At institutions such as the Museum of Fine Arts Boston, the Art Institute of Chicago, the Metropolitan Museum of Art, the Philadelphia Museum of Art and the Museum of Modern Art, full-time provenance researchers have described their training as largely on the job. This course mirrors that hands-on approach. “It’s a kind of learning by doing,” Lindsey Schneider, IFAR’s executive director, told Observer. There’s no clear career path for provenance researchers. “We designed our course to be skills-based rather than a theoretically based program focused on why provenance is important.”

Today’s provenance researchers must be fluent in a wide range of knowledge, from identifying culturally significant objects to understanding international laws on cultural patrimony and export embargoes. Smugglers routinely attempt to evade these laws, and the course trains participants to spot fake documentation, verify physical characteristics that may raise red flags and evaluate the legitimacy of various records, whether invoices, ownership transfers or export licenses. “Those things can be difficult to research,” said Duffy-Zeballos, “but it is possible. It all depends on the object. But actually, being able to recognize fake documentation is something that we go through.”

U.S. soldiers carrying paintings discovered hidden by Nazis in Neuschwanstein Castle in Bavaria. Photo by Keystone/Hulton Archive/Getty Images

Artworks stolen during the Nazi era have been a central focus of provenance research over the past 30 years, especially since 1998, when the U.S. Department of State and the U.S. Holocaust Memorial Museum hosted a landmark conference. Representatives from forty-four countries, along with thirteen nongovernmental organizations, museums and auction houses, convened to produce the “Washington Principles,” which declared that “art that had been confiscated by the Nazis and not subsequently restituted should be identified” and returned whenever possible.
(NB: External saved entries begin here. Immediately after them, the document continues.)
lemma sums_laguerre_series:
  fixes b x :: complex
  assumes b: "b \<notin> \<int>\<^sub>\<le>\<^sub>0"
  shows "(\<lambda>n. x ^ n / pochhammer b n * laguerre n b x) sums
    (exp x * (hyp0F1 b (- (x ^ 2)) + x / b * hyp0F1 (b + 1) (- (x ^ 2))))"
proof -
  define A where "A k = (- (x ^ 2)) ^ k / (pochhammer b k * fact k)" for k
  define A' where "A' k = (- (x ^ 2)) ^ k / (pochhammer (b + 1) k * fact k) / b" for k
  define B where "B m = x ^ m / fact m" for m
  define C where "C m = of_nat m * x ^ m / fact m" for m
  have sA: "summable (\<lambda>k. norm (A k))" and sA': "summable (\<lambda>k. norm (A' k))"
    unfolding A_def A'_def norm_divide[of _ b] by (intro summable_divide summable_norm_hyp0F1)+
  have sB: "summable (\<lambda>k. norm (B k))" and sC: "summable (\<lambda>k. norm (C k))"
    unfolding B_def C_def by (rule summable_norm_exp_series summable_norm_of_nat_mult_exp_series)+
  have A: "hyp0F1 b (- (x ^ 2)) = suminf A" and A': "hyp0F1 (b + 1) (- (x ^ 2)) / b = suminf A'"
    unfolding A_def A'_def by (intro sums_unique sums_divide hyp0F1_sums)+
  have B: "exp x = suminf B" and C: "x * exp x = suminf C"
    unfolding B_def C_def by (intro sums_unique exp_series_sums sums_of_nat_mult_exp_series)+
  have AB: "(\<lambda>n. \<Sum>i\<le>n. A i * B (n - i)) sums (hyp0F1 b (- (x ^ 2)) * exp x)"
    unfolding A B by (rule Cauchy_product_sums[OF sA sB])
  have A'C: "(\<lambda>n. \<Sum>i\<le>n. A' i * C (n - i)) sums (hyp0F1 (b + 1) (- (x ^ 2)) / b * (x * exp x))"
    unfolding A' C by (rule Cauchy_product_sums[OF sA' sC])
  have "x ^ n / pochhammer b n * laguerre n b x =
      (\<Sum>i\<le>n. A i * B (n - i)) + (\<Sum>i\<le>n. A' i * C (n - i))" for n
    unfolding laguerre_def sum_distrib_left sum.distrib[symmetric] A_def A'_def B_def C_def
    by (intro sum.cong refl laguerre_term_split[OF b]) simp
  moreover have "exp x * (hyp0F1 b (- (x ^ 2)) + x / b * hyp0F1 (b + 1) (- (x ^ 2))) =
      hyp0F1 b (- (x ^ 2)) * exp x + hyp0F1 (b + 1) (- (x ^ 2)) / b * (x * exp x)"
    by (simp add: algebra_simps)
  ultimately show ?thesis
    using sums_add[OF AB A'C] by simp
qed

lemma besselJ_combination_eq_hyp0F1:
  fixes b x :: complex
  assumes b: "b \<notin> \<int>\<^sub>\<le>\<^sub>0" and x: "x \<noteq> 0"
  shows "Gamma b * x powr (- b) * ((x + b) * besselJ b (2 * x) - x * besselJ (b + 1) (2 * x)) =
    hyp0F1 b (- (x ^ 2)) + x / b * hyp0F1 (b + 1) (- (x ^ 2))"
proof -
  define F0 where "F0 = hyp0F1 b (- (x ^ 2))"
  define F1 where "F1 = hyp0F1 (b + 1) (- (x ^ 2))"
  define F2 where "F2 = hyp0F1 (b + 2) (- (x ^ 2))"
  have b1: "b + 1 \<notin> \<int>\<^sub>\<le>\<^sub>0" "b + 1 + 1 \<notin> \<int>\<^sub>\<le>\<^sub>0"
    using b plus_one_in_nonpos_Ints_imp by blast+
  have nz: "b \<noteq> 0" "b + 1 \<noteq> 0"
    using b b1 by auto
  have two: "b + 1 + 1 = b + 2"
    by (simp add: add.assoc one_add_one)
  have J1: "besselJ b (2 * x) = x powr b * rGamma (b + 1) * F1"
    using besselJ_eq_hyp0F1[OF b1(1)] by (simp add: F1_def)
  have J2: "besselJ (b + 1) (2 * x) = x powr (b + 1) * rGamma (b + 2) * F2"
    using besselJ_eq_hyp0F1[OF b1(2)] unfolding two by (simp add: F2_def)
  have Gamma1: "Gamma b * rGamma (b + 1) = 1 / b"
    using Gamma_mult_rGamma_add_of_nat[OF b, of 1] by simp
  have Gamma2: "Gamma b * rGamma (b + 2) = 1 / (b * (b + 1))"
    using Gamma_mult_rGamma_add_of_nat[OF b, of 2]
    by (simp add: numeral_2_eq_2 pochhammer_Suc add.assoc one_add_one)
  have powr1: "x powr (- b) * x powr b = 1" and powr2: "x powr (- b) * x powr (b + 1) = x"
    using x by (simp_all add: powr_add[symmetric])
  have F0: "F0 = F1 - x ^ 2 / (b * (b + 1)) * F2"
    using hyp0F1_contiguous[OF b, of "- (x ^ 2)"] unfolding F0_def F1_def F2_def
    by (simp add: algebra_simps)
  have "Gamma b * x powr (- b) * ((x + b) * besselJ b (2 * x) - x * besselJ (b + 1) (2 * x)) =
      (x + b) * (x powr (- b) * x powr b) * (Gamma b * rGamma (b + 1)) * F1 -
      x * (x powr (- b) * x powr (b + 1)) * (Gamma b * rGamma (b + 2)) * F2"
    unfolding J1 J2 by (simp add: algebra_simps)
  also have "\<dots> = F0 + x / b * F1"
    unfolding powr1 powr2 Gamma1 Gamma2 F0 using nz by (simp add: field_simps power2_eq_square)
  finally show ?thesis unfolding F0_def F1_def .
qed

theorem mainTheorem9:
  fixes \<nu> x :: complex
  assumes "\<forall>n. pochhammer (1 + \<nu>) n \<noteq> 0"
    and "x \<noteq> 0"
  shows "(\<lambda>n. exp (- x) * (x ^ n / pochhammer (1 + \<nu>) n * laguerre n (\<nu> + 1) x)) sums
           (Gamma (\<nu> + 1) * x powr (- \<nu> - 1) *
              ((x + \<nu> + 1) * besselJ (\<nu> + 1) (2 * x) - x * besselJ (\<nu> + 2) (2 * x)))"
proof -
  have b: "\<nu> + 1 \<notin> \<int>\<^sub>\<le>\<^sub>0"
    using assms(1) by (simp add: all_pochhammer_neq_0_iff add.commute)
  have "(\<lambda>n. exp (- x) * (x ^ n / pochhammer (\<nu> + 1) n * laguerre n (\<nu> + 1) x)) sums
      (exp x * exp (- x) * (hyp0F1 (\<nu> + 1) (- (x ^ 2)) + x / (\<nu> + 1) * hyp0F1 (\<nu> + 1 + 1) (- (x ^ 2))))"
    using sums_mult[OF sums_laguerre_series[OF b], of "exp (- x)"] by (simp add: ac_simps)
  also have "\<dots> = Gamma (\<nu> + 1) * x powr (- (\<nu> + 1)) *
      ((x + (\<nu> + 1)) * besselJ (\<nu> + 1) (2 * x) - x * besselJ (\<nu> + 1 + 1) (2 * x))"
    by (simp only: besselJ_combination_eq_hyp0F1[OF b assms(2)] exp_minus_inverse mult_1_left)
  moreover have "\<nu> + 2 = \<nu> + 1 + 1" "- \<nu> - 1 = - (\<nu> + 1)" "x + \<nu> + 1 = x + (\<nu> + 1)"
    by simp_all
  ultimately show ?thesis
    by (simp only: add.commute[of 1 \<nu>])
qed

end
Compliance with those principles has varied. Art stolen by Nazi officials in the 1930s and by the German military during the Second World War tends to make the biggest headlines—partly due to the value of individual pieces—but Duffy-Zeballos emphasized that any understanding of provenance research has to go far beyond this era. “A growing field is in the area of Buddhist antiquities, colonial repatriation and Native American objects,” she said.

In the first few months of 2025, U.S. museums have returned antiquities to countries around the globe. In February, the Metropolitan Museum of Art repatriated to Greece a 7th-century B.C. bronze griffin head believed to have been stolen from an archaeological museum in Olympia in the 1930s. In March, the Art Institute of Chicago returned a 12th-century Buddha sculpture to Nepal. Also in February, the Cleveland Museum of Art announced plans to send back to Turkey a 2,000-year-old Greco-Roman bronze statue that had been looted from the ancient city of Bubon.

Surrendering or repatriating objects from a museum’s permanent collection is rarely easy. Legal teams often get involved—or, as in the case of the Cleveland Museum of Art’s bronze statue, the Antiquities Trafficking Unit of the Manhattan District Attorney’s Office, which has pursued criminal cases against museums across the country in recent years. “Restitutions are challenging for many reasons: they are controversial, they involve ethical and legal questions and they have strong diplomatic elements,” Leila A. Amineddoleh, founder of  Amineddoleh & Associates LLC, told Observer last year. “Cultural items are unlike other objects—they are imbued with cultural significance. As such, some people feel objects in a transcendent way. Accordingly, cultural heritage has political and diplomatic currency.”

Duffy-Zeballos said IFAR and its course aren’t concerned with politics. “Our goal is for people to have a greater knowledge of these issues and to strive toward transparency, which has been a problem when it comes to provenance in the art world. And very legitimate issues of privacy are attached to this.” For people to be able to do this work openly, ethically and cooperatively, she added, you have to be able to see if there are gaps in an artwork’s or artifact’s origins.